Which lines of the records below contain the word "point"? Copy each of them out.

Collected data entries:
>>>

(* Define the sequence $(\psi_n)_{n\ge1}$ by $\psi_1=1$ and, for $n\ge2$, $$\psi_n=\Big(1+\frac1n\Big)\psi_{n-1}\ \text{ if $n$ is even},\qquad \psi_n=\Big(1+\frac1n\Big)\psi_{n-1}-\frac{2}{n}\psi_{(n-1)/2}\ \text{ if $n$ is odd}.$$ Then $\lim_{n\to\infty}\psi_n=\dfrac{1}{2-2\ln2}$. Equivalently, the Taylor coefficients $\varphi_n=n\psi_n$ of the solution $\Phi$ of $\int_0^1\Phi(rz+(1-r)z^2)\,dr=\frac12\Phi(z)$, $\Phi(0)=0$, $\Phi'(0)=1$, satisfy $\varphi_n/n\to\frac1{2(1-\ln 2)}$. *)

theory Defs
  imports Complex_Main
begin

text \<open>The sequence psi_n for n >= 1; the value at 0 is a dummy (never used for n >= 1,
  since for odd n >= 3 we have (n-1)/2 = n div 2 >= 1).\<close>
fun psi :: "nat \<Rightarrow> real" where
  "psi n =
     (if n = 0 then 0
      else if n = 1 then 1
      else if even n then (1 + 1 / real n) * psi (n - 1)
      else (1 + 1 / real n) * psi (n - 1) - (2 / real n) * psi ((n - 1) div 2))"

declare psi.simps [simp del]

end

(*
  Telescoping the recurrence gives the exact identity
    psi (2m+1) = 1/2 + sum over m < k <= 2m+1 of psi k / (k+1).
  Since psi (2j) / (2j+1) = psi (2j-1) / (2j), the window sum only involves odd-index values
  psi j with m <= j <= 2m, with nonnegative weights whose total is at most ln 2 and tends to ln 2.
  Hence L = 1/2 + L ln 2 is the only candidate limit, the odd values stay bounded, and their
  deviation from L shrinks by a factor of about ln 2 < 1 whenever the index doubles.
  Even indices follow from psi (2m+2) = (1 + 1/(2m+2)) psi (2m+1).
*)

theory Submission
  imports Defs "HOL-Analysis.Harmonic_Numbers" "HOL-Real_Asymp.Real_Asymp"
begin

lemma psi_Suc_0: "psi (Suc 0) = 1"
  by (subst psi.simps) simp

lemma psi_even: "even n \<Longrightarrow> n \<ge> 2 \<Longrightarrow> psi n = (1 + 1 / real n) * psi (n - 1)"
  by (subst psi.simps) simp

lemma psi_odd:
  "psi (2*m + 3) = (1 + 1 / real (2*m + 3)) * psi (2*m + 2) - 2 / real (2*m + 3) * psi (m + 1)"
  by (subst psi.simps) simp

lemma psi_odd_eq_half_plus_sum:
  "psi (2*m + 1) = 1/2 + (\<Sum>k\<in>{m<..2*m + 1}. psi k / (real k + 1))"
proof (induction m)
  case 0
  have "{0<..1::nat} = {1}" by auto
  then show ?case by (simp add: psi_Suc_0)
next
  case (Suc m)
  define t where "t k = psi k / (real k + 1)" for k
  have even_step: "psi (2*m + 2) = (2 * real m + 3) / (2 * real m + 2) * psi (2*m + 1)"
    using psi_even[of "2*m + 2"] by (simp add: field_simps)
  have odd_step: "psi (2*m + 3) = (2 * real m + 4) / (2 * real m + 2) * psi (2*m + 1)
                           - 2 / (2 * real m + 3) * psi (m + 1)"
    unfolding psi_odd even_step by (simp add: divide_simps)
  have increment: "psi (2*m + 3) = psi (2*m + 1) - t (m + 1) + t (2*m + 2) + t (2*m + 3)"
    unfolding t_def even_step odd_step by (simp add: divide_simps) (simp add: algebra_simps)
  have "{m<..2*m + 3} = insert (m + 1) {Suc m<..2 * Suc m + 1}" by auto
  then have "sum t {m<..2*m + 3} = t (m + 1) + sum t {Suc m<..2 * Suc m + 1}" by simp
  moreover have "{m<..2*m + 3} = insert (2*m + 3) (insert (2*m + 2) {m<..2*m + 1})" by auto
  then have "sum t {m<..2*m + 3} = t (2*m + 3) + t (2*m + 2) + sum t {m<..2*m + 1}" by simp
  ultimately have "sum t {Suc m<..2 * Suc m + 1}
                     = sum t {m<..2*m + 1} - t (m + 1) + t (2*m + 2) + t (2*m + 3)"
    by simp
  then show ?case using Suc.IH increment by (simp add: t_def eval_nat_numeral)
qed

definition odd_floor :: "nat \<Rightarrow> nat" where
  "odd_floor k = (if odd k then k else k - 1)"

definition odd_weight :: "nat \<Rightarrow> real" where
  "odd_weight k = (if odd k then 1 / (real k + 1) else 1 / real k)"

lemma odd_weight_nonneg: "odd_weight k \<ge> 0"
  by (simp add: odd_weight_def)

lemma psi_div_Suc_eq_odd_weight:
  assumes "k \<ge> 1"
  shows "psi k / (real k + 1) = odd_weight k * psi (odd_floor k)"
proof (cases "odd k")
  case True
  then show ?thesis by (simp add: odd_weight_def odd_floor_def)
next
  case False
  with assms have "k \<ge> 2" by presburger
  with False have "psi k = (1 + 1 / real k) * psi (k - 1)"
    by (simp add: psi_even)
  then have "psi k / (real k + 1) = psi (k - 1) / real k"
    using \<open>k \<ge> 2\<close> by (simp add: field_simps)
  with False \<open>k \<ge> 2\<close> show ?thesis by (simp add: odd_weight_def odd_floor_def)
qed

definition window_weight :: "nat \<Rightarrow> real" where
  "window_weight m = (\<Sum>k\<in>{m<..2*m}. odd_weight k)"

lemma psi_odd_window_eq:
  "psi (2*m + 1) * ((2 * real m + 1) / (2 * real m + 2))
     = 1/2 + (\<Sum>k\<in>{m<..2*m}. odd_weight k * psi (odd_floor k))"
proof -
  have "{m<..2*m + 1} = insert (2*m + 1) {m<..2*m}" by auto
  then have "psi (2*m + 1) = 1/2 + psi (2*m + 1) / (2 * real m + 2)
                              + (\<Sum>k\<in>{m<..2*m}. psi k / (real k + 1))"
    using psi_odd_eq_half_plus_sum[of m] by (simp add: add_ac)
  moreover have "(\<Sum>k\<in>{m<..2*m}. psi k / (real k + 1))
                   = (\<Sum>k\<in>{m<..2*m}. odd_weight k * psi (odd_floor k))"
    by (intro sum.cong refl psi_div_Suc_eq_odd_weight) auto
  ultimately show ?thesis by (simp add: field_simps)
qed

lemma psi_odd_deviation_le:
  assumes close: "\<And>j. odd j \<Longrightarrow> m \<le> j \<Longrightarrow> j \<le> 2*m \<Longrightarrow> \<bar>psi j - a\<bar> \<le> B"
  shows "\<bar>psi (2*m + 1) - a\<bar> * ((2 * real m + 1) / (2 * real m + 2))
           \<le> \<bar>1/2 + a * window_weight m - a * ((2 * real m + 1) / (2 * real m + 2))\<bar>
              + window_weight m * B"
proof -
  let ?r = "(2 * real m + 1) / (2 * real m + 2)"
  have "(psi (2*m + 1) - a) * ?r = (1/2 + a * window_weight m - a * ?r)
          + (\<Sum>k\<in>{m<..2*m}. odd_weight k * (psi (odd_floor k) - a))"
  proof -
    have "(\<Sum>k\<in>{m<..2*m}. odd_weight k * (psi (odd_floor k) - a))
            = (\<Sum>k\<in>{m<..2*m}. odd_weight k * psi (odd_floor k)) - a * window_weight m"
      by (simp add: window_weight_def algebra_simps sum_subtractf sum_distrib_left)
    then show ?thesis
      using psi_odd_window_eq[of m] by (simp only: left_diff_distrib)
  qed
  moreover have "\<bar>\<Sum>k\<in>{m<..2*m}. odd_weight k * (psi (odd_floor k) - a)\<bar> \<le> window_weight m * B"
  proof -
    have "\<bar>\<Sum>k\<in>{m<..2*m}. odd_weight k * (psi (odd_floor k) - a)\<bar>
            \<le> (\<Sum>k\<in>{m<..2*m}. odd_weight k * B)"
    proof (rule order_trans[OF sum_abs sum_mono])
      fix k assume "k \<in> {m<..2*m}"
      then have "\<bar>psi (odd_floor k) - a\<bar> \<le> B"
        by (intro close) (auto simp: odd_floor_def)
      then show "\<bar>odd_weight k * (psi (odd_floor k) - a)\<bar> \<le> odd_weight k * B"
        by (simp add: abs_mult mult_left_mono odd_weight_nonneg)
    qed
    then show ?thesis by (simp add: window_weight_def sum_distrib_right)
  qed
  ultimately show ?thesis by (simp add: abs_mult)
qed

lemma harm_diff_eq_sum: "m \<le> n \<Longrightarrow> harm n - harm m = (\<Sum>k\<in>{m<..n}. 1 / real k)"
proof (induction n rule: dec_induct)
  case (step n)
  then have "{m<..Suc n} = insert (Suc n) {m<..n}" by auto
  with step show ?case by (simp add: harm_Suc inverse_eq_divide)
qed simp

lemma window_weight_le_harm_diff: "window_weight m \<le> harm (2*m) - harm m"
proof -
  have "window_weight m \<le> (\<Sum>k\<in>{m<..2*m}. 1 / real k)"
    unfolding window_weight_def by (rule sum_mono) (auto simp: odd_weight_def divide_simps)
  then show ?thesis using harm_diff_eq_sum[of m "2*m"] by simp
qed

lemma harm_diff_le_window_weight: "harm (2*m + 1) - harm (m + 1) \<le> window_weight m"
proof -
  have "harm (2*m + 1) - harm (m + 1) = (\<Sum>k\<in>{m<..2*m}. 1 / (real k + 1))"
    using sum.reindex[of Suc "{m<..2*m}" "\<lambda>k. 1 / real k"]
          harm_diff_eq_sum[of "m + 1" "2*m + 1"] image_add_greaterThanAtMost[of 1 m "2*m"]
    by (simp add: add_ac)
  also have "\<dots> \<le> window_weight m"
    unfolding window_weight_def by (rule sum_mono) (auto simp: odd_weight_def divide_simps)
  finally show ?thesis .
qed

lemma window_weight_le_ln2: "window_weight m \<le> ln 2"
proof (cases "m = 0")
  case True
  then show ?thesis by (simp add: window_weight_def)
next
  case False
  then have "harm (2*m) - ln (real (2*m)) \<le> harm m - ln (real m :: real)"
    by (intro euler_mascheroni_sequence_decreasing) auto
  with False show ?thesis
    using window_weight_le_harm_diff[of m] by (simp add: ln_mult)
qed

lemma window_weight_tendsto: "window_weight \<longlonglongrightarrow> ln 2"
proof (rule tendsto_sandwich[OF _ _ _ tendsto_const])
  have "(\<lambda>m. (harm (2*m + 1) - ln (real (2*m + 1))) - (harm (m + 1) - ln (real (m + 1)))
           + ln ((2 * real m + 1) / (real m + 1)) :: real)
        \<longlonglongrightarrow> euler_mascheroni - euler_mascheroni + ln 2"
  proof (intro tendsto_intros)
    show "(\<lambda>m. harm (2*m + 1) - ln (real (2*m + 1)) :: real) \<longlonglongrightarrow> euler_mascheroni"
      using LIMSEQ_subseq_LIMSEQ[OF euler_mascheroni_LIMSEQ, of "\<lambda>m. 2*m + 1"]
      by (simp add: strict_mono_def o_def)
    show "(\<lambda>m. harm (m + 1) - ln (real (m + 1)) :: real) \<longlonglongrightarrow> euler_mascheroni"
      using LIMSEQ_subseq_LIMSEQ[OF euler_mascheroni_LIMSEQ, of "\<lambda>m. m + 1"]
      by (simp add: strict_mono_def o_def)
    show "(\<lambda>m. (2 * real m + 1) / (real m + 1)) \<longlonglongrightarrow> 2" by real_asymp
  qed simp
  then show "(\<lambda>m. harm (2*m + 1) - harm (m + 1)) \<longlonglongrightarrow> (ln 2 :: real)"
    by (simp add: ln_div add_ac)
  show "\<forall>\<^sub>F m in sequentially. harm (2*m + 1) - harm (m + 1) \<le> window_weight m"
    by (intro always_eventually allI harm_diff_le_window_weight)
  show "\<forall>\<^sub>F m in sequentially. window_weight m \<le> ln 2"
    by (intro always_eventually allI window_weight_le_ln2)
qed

<<<
>>>

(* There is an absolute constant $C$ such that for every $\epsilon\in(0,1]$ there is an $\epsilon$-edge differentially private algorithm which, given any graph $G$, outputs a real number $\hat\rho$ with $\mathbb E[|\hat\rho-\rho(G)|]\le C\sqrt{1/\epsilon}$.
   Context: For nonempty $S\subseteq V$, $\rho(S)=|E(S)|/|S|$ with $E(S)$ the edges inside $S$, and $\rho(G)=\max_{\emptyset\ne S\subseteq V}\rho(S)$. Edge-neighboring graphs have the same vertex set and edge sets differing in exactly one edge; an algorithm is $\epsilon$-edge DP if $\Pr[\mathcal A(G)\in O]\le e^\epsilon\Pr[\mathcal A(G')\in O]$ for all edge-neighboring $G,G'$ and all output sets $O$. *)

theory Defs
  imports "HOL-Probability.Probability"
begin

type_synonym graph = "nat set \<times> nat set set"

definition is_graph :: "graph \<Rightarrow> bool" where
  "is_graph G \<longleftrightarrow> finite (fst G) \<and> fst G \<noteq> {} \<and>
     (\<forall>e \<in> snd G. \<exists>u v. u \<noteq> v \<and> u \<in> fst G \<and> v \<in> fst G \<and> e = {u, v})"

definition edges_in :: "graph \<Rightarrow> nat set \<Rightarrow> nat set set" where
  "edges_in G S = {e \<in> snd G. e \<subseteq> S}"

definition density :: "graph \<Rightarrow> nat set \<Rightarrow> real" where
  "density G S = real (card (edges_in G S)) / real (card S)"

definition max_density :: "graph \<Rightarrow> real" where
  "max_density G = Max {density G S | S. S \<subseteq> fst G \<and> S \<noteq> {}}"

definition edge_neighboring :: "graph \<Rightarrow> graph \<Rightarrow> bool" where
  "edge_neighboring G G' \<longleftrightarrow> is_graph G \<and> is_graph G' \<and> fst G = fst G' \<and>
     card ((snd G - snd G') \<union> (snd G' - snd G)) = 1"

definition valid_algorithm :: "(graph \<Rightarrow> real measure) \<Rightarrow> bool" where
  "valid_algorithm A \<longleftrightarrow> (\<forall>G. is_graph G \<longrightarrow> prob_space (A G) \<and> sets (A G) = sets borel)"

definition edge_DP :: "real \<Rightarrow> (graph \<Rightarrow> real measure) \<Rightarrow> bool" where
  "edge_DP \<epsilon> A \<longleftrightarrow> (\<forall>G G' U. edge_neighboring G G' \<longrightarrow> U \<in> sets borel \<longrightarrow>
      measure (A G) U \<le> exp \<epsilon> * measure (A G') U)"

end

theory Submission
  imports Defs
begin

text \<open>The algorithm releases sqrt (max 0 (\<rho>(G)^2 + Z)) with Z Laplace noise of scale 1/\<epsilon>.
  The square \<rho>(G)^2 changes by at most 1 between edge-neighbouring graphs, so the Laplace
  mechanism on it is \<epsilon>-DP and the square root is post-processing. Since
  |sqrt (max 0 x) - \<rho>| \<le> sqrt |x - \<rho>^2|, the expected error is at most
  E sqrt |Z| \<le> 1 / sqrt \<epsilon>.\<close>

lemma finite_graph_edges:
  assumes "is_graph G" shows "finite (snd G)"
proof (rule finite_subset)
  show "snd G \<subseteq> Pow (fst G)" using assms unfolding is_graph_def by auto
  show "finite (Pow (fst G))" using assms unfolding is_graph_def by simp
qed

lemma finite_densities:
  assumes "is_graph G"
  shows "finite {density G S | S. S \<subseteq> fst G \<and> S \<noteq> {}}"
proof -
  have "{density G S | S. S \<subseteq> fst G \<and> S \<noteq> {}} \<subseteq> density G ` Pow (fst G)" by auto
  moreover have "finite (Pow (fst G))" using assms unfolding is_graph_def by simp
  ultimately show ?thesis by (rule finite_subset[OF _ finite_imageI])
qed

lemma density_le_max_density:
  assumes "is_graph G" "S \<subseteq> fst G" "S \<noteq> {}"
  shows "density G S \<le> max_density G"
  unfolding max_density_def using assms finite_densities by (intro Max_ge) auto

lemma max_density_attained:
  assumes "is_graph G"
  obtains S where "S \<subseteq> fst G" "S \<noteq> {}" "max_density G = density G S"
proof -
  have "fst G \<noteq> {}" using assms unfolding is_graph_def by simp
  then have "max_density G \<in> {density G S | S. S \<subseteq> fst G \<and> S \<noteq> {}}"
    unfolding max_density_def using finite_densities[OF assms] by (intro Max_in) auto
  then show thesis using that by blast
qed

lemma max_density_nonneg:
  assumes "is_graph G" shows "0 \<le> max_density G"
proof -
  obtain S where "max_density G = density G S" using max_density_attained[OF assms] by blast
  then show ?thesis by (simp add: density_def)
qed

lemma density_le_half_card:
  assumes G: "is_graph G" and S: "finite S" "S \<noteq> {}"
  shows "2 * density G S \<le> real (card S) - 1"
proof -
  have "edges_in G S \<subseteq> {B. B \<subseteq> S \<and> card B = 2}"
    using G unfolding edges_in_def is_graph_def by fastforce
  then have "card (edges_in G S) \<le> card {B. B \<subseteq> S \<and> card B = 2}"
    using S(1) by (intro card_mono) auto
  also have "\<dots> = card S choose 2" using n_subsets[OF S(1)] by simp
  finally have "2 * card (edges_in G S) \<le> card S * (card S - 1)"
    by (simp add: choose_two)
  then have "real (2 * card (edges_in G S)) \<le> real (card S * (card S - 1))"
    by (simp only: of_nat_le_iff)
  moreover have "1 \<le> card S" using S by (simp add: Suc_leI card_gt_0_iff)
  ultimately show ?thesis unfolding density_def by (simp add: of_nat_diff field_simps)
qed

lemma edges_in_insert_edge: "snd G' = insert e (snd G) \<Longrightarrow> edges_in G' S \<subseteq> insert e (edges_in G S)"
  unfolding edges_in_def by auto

<<<
>>>

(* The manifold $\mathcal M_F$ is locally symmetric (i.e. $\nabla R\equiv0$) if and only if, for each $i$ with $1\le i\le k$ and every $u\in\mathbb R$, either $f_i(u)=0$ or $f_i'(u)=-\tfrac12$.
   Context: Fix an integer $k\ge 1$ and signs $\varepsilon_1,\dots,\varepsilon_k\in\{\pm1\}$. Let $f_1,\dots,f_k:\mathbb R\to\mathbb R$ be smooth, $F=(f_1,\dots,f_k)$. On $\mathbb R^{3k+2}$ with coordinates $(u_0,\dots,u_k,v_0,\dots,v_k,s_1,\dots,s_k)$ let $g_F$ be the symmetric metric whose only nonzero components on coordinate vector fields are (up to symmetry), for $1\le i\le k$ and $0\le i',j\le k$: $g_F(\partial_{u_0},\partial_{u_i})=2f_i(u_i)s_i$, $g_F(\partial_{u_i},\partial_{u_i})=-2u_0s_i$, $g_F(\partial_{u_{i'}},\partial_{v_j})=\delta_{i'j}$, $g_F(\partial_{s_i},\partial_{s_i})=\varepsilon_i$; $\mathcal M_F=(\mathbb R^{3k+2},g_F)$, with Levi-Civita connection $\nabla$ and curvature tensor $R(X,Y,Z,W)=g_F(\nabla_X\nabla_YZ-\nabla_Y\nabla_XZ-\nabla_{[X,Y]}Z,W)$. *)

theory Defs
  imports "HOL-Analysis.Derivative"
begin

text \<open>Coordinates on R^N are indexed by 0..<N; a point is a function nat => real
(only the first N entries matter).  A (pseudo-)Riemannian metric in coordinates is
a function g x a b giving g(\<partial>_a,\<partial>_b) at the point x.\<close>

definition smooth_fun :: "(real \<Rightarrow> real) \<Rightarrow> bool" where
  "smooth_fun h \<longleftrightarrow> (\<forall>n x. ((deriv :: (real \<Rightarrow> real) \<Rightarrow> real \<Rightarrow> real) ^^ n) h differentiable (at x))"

<<<

**Completed exercise**
text \<open>Coordinates on R^N are indexed by 0..<N; a point is a function nat => real
a function g x a b giving g(\<partial>_a,\<partial>_b) at the point x.\<close>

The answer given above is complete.